Hadoop Compatible Filesystems edit   discuss  

So how did we do with our look at Hadoop Compatible Filesystems this week? Spoiler - not as well as I’d hoped!

In hindsight, picking this as the first technology category to do was a daft idea. Not only have I been trying to work out what I want to achieve with these technology category pages, and the level and information I want to capture, but my journey into Hadoop compatible storage has involved a myriad of rabbit holes from object stores to enterprise scale out storage to in-memory to every technology and its dog having an Hadoop compatible API.

So I’m going to do my best to summarise, but this journey will probably continue next week - there’s some further detail I want to dig into, I’m not entirely happy with the technology category page, I’ve got a big pile of information that probably means I’m probably doing object stores and scale out storage as the next technology categories to close the circle.

Firstly, there are two use cases for an Hadoop Compatible Filesystem. The first is as a drop in replacement for HDFS - you run your filesystem and compute on the same nodes and utilise data locality to do local filesystem reads wherever possible. The second is as a way of reading and writing data from a remote data store using the standard Hadoop Filesystem API - great if you want to access and write data back to external storage, but not a replacement for your local HDFS filesystem that you’ll still be using for temporary and intermediate data.

If you want to swap out HDFS in your Hadoop cluster for something else, there are some technologies you can look at that are HDFS but better.
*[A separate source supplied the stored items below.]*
definition Sig_LgB_half where
  "Sig_LgB_half m k \<sigma>n N xs us x =
     mat (m+1) m (\<lambda>(i, j). sqrt_pd (Sigma_B m k \<sigma>n N xs us x) $$ (i, j+1))"

definition Sig_LgB where
  "Sig_LgB m k \<sigma>n N xs us x =
     transpose_mat (Sig_LgB_half m k \<sigma>n N xs us x) * Sig_LgB_half m k \<sigma>n N xs us x"

definition F_mat where
  "F_mat m k \<sigma>n N xs us z \<beta> DB gt x =
     \<beta>\<^sup>2 \<cdot>\<^sub>m Sig_LgB m k \<sigma>n N xs us x
     - mat m m (\<lambda>(i, j). LgB_hat m k \<sigma>n N xs us z DB gt x $ i * LgB_hat m k \<sigma>n N xs us z DB gt x $ j)"

end

theory Submission
  imports Defs "Jordan_Normal_Form.Schur_Decomposition" "HOL-Real_Asymp.Real_Asymp"
begin

(* With y = vCons 1 u and w = vCons a b, where a = LfB_hat + gamma (B x) and b = LgB_hat, the
   constraint reads w y >= beta sqrt (y Sigma y), i.e. w y >= 0 and
   H y = (w y)^2 - beta^2 (y Sigma y) >= 0. On the hyperplane y = vCons 1 u, H is a quadratic
   in u with quadratic part - u F u.

   If F has a negative eigenvalue, H and w y grow without bound along an eigenvector ray.
   If F is positive definite, H (vCons 1 u) is maximal at u_opt = - F^-1 p. Feasibility forces
   a + b u_opt >= 0, by concavity along the segment towards a feasible point, and conversely
   H (vCons 1 u_opt) >= 0 as soon as H is nonnegative somewhere off the hyperplane y_0 = 0;
   by Cauchy-Schwarz this is the condition w Sigma^-1 w >= beta^2, which is necessary in all
   cases. If 0 is the least eigenvalue of F, a kernel vector d, normalised to Sigma_22 d = b,
   spans a ray along which H grows linearly with slope proportional to a - s12 d; strict
   Cauchy-Schwarz applied to vCons 0 d shows that a feasible point forces this slope to be
   positive. *)

section \<open>Quadratic forms\<close>

lemma nonzero_vec_index:
  assumes "v \<in> carrier_vec n" and "v \<noteq> 0\<^sub>v n"
  obtains i where "i < n" and "v $ i \<noteq> 0"
  using assms by (metis eq_vecI carrier_vecD index_zero_vec)

lemma real_scalar_prod_self_pos:
  fixes v :: "real vec"
  assumes "v \<in> carrier_vec n" and "v \<noteq> 0\<^sub>v n"
  shows "v \<bullet> v > 0"
  using conjugate_square_greater_0_vec[OF assms(1)] assms(2) by simp

lemma mult_mat_vec_zero [simp]:
  "A \<in> carrier_mat n m \<Longrightarrow> A *\<^sub>v 0\<^sub>v m = 0\<^sub>v n"
  by (intro eq_vecI) auto

lemma mult_mat_vec_uminus:
  fixes A :: "'a::ring mat"
  shows "A \<in> carrier_mat n m \<Longrightarrow> v \<in> carrier_vec m \<Longrightarrow> A *\<^sub>v (- v) = - (A *\<^sub>v v)"
  by (intro eq_vecI) (auto simp: scalar_prod_uminus_right)

lemma transpose_conj_mat:
  fixes Q X :: "real mat"
  assumes Q: "Q \<in> carrier_mat n n" and X: "X \<in> carrier_mat n n"
  shows "(Q * X * Q\<^sup>T)\<^sup>T = Q * X\<^sup>T * Q\<^sup>T"
  using Q X by (simp add: transpose_mult[of _ n n _ n] assoc_mult_mat[of _ n n _ n _ n])

lemma sym_bilinear_comm:
  fixes A :: "real mat"
  assumes A: "A \<in> carrier_mat n n" and sym: "A\<^sup>T = A"
    and x: "x \<in> carrier_vec n" and y: "y \<in> carrier_vec n"
  shows "x \<bullet> (A *\<^sub>v y) = y \<bullet> (A *\<^sub>v x)"
  using transpose_vec_mult_scalar[OF A y x] sym comm_scalar_prod[OF mult_mat_vec_carrier[OF A x] y]
  by simp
The obvious one being MapR-FS, but the Quantcast File System and Hops-HDFS are both interesting examples of open source projects that have taken HDFS and tried to improve it.

If you want to read and write data from Hadoop to an external system via the Hadoop Filesystem API, then the world’s your oyster, as pretty much every file or object based storage technology now allows you to do this, and generally in a (reasonably) high performance parallel way. This is the area I want to dig into in more detail next week however - what are you options if you want to store large volumes of data for analytics outside of an Hadoop cluster.

And as it feels like I’ve only scratched the surface of this area, I’m going to reserve the right to come and revise this information in the future. I wasn’t planning to dig so far into file and object storage at this time, but here we are so let’s see where it leads us.